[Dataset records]

::::::::

text \<open>
Under the truthful report, agent 2 takes 1_T in the first phase, so in the later phases
she only finds the leftovers 2_F and 2_B and ends with the bundle (2_F, 2_B, 1_T) for sure.
Reporting F before T makes her compete with agent 1 for 1_F in the first phase: both
get half of 1_F and half of 2_F; 1_T is still free in the second phase and 2_B is what
is left in the third.  So half of her mass moves from (2_F, 2_B, 1_T) to (1_F, 2_B, 1_T),
which she truly prefers; by transitivity of lexicographic preferences every upper set
containing the former bundle also contains the latter, hence the weak sd-dominance.
\<close>

lemma better_in_trans:
  assumes "distinct L" "better_in L a b" "better_in L b c"
  shows "better_in L a c"
proof -
  obtain u v where uv: "u < v" "v < length L" "L ! u = a" "L ! v = b"
    using assms(2) by (auto simp: better_in_def)
  obtain v' w where vw: "v' < w" "w < length L" "L ! v' = b" "L ! w = c"
    using assms(3) by (auto simp: better_in_def)
  have "v' = v"
    using nth_eq_iff_index_eq[OF assms(1), of v' v] uv vw by simp
  with uv vw show ?thesis
    unfolding better_in_def by (intro exI[of _ u] exI[of _ w]) simp
qed

lemma lex_pref_trans:
  assumes "\<And>i. distinct (ord j i)"
    and "lex_pref imp ord j x y" "lex_pref imp ord j y z"
  shows "lex_pref imp ord j x z"
proof -
  obtain k where k: "k < length (imp j)" "better_in (ord j (imp j ! k)) (x ! (imp j ! k)) (y ! (imp j ! k))"
    "\<forall>k'<k. x ! (imp j ! k') = y ! (imp j ! k')"
    using assms(2) by (auto simp: lex_pref_def)
  obtain l where l: "l < length (imp j)" "better_in (ord j (imp j ! l)) (y ! (imp j ! l)) (z ! (imp j ! l))"
    "\<forall>k'<l. y ! (imp j ! k') = z ! (imp j ! k')"
    using assms(3) by (auto simp: lex_pref_def)
  consider "k < l" | "k = l" | "l < k"
    by linarith
  then show ?thesis
  proof cases
    case 1
    with k l show ?thesis
      unfolding lex_pref_def by (intro exI[of _ k]) auto
  next
    case 2
    with k l assms(1) show ?thesis
      unfolding lex_pref_def by (intro exI[of _ k]) (auto intro: better_in_trans)
  next
    case 3
    with k l show ?thesis
      unfolding lex_pref_def by (intro exI[of _ l]) auto
  qed
qed

lemma upper_closed:
  assumes "\<And>i. distinct (ord j i)"
    and "lex_pref imp ord j a b" "a \<in> B" "b \<in> upper imp ord j B x"
  shows "a \<in> upper imp ord j B x"
  using assms lex_pref_trans[OF assms(1) assms(2)] by (auto simp: upper_def)

lemma sum_upper_point_masses:
  assumes "finite B" "\<And>y. y \<in> B \<Longrightarrow> P y = (if y = a then u else 0) + (if y = b then v else 0)"
    and "x \<in> B"
  shows "(\<Sum>y\<in>upper imp ord j B x. P y) =
    (if a \<in> upper imp ord j B x then u else 0) + (if b \<in> upper imp ord j B x then v else 0)"
proof -
  have U: "upper imp ord j B x \<subseteq> B" "finite (upper imp ord j B x)"
    using assms(1,3) by (auto simp: upper_def)
  have "(\<Sum>y\<in>upper imp ord j B x. P y) =
      (\<Sum>y\<in>upper imp ord j B x. (if y = a then u else 0) + (if y = b then v else 0))"
    using U(1) assms(2) by (intro sum.cong) auto
  also have "\<dots> = (if a \<in> upper imp ord j B x then u else 0) + (if b \<in> upper imp ord j B x then v else 0)"
    using U(2) by (simp add: sum.distrib sum.delta')
  finally show ?thesis .
qed

lemma sd_weak_dom_move_mass:
  assumes "finite B" "a \<in> B" "\<And>i. distinct (ord j i)" "lex_pref imp ord j a b"
    and "0 \<le> w"
    and P: "\<And>y. y \<in> B \<Longrightarrow> P y = (if y = a then w else 0) + (if y = b then 1 - w else 0)"
    and Q: "\<And>y. y \<in> B \<Longrightarrow> Q y = (if y = b then 1 else 0)"
  shows "sd_weak_dom imp ord j B P Q"
  unfolding sd_weak_dom_def
proof
  fix x assume x: "x \<in> B"
  let ?U = "upper imp ord j B x"
  have "(\<Sum>y\<in>?U. P y) = (if a \<in> ?U then w else 0) + (if b \<in> ?U then 1 - w else 0)"
    using sum_upper_point_masses[OF assms(1) P x] .
  moreover have "(\<Sum>y\<in>?U. Q y) = (if b \<in> ?U then 1 else 0)"
    using sum_upper_point_masses[OF assms(1) _ x, of Q b 0 b 1] Q by simp
  moreover have "b \<in> ?U \<Longrightarrow> a \<in> ?U"
    using upper_closed[OF assms(3,4,2)] .
  ultimately show "(\<Sum>y\<in>?U. Q y) \<le> (\<Sum>y\<in>?U. P y)"
    using assms(5) by auto
qed

lemma card_less_2_Collect:
  "card {j. j < (2::nat) \<and> P j} = (if P 0 then 1 else 0) + (if P 1 then 1 else 0)"
proof -
  have "{j. j < (2::nat) \<and> P j} = (if P 0 then {0} else {}) \<union> (if P 1 then {1} else {})"
    unfolding less_2_cases_iff by (cases "P 0"; cases "P 1") fastforce+
  then show ?thesis
    by auto
qed

lemma setcompr_less_2_Some:
  "{f j itm | j itm. j < (2::nat) \<and> g j = Some itm} =
     (case g 0 of None \<Rightarrow> {} | Some a \<Rightarrow> {f 0 a}) \<union> (case g 1 of None \<Rightarrow> {} | Some a \<Rightarrow> {f 1 a})"
  unfolding less_2_cases_iff by (cases "g 0"; cases "g 1") fastforce+

lemma fun_eq_on_3x2I:
  fixes f g :: "nat \<Rightarrow> nat \<Rightarrow> 'a"
  assumes "\<And>i itm. 3 \<le> i \<Longrightarrow> f i itm = g i itm" "\<And>i itm. 2 \<le> itm \<Longrightarrow> f i itm = g i itm"
    and "f 0 0 = g 0 0" "f 0 1 = g 0 1" "f 1 0 = g 1 0" "f 1 1 = g 1 1" "f 2 0 = g 2 0" "f 2 1 = g 2 1"
  shows "f = g"
proof (intro ext)
  fix i itm :: nat
  show "f i itm = g i itm"
  proof (cases "3 \<le> i \<or> 2 \<le> itm")
    case True
    then show ?thesis using assms(1,2) by auto
  next
    case False
    then have "i = 0 \<or> i = 1 \<or> i = 2" "itm = 0 \<or> itm = 1" by auto
    then show ?thesis using assms(3-8) by auto
  qed
qed

lemma fun_eq_on_2I:
  fixes f g :: "nat \<Rightarrow> 'a"
  assumes "\<And>j. 2 \<le> j \<Longrightarrow> f j = g j" "f 0 = g 0" "f 1 = g 1"
  shows "f = g"
proof
  fix j :: nat
  show "f j = g j"
    using assms by (cases "2 \<le> j") (auto simp: not_le less_2_cases_iff)
qed

lemma bundles_2_3:
  "bundles 2 3 = {[0,0,0], [0,0,1], [0,1,0], [0,1,1], [1,0,0], [1,0,1], [1,1,0], [1,1,1]}"
proof (intro set_eqI iffI)
  fix x
  assume "x \<in> bundles 2 3"
  then have l: "length x = 3" and bnd: "\<forall>i<3. x ! i < 2"
    by (auto simp: bundles_def)
  from l obtain a b c where x: "x = [a, b, c]"
    by (metis length_0_conv length_Suc_conv numeral_3_eq_3)
  have "a < 2" "b < 2" "c < 2"
    using bnd x by (auto dest: spec[of _ 0] spec[of _ 1] spec[of _ 2])
  then show "x \<in> {[0,0,0], [0,0,1], [0,1,0], [0,1,1], [1,0,0], [1,0,1], [1,1,0], [1,1,1]}"
    using x by (auto simp: less_2_cases_iff)
qed (auto simp: bundles_def less_Suc_eq eval_nat_numeral)

definition truthful :: "nat \<Rightarrow> nat list" where
  "truthful = (\<lambda>j. if j = 0 then [0, 1, 2] else [2, 0, 1])"

definition misreport :: "nat \<Rightarrow> nat list" where
  "misreport = truthful(1 := [0, 2, 1])"

definition item_order :: "nat \<Rightarrow> nat \<Rightarrow> nat list" where
  "item_order = (\<lambda>j i. [0, 1])"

::::::::

# What this task involves
Copy every line of the records above, starting with the first, up to and including the line containing "obtain v' w".

# Written response
text \<open>
Under the truthful report, agent 2 takes 1_T in the first phase, so in the later phases
she only finds the leftovers 2_F and 2_B and ends with the bundle (2_F, 2_B, 1_T) for sure.
Reporting F before T makes her compete with agent 1 for 1_F in the first phase: both
get half of 1_F and half of 2_F; 1_T is still free in the second phase and 2_B is what
is left in the third.  So half of her mass moves from (2_F, 2_B, 1_T) to (1_F, 2_B, 1_T),
which she truly prefers; by transitivity of lexicographic preferences every upper set
containing the former bundle also contains the latter, hence the weak sd-dominance.
\<close>

lemma better_in_trans:
  assumes "distinct L" "better_in L a b" "better_in L b c"
  shows "better_in L a c"
proof -
  obtain u v where uv: "u < v" "v < length L" "L ! u = a" "L ! v = b"
    using assms(2) by (auto simp: better_in_def)
  obtain v' w where vw: "v' < w" "w < length L" "L ! v' = b" "L ! w = c"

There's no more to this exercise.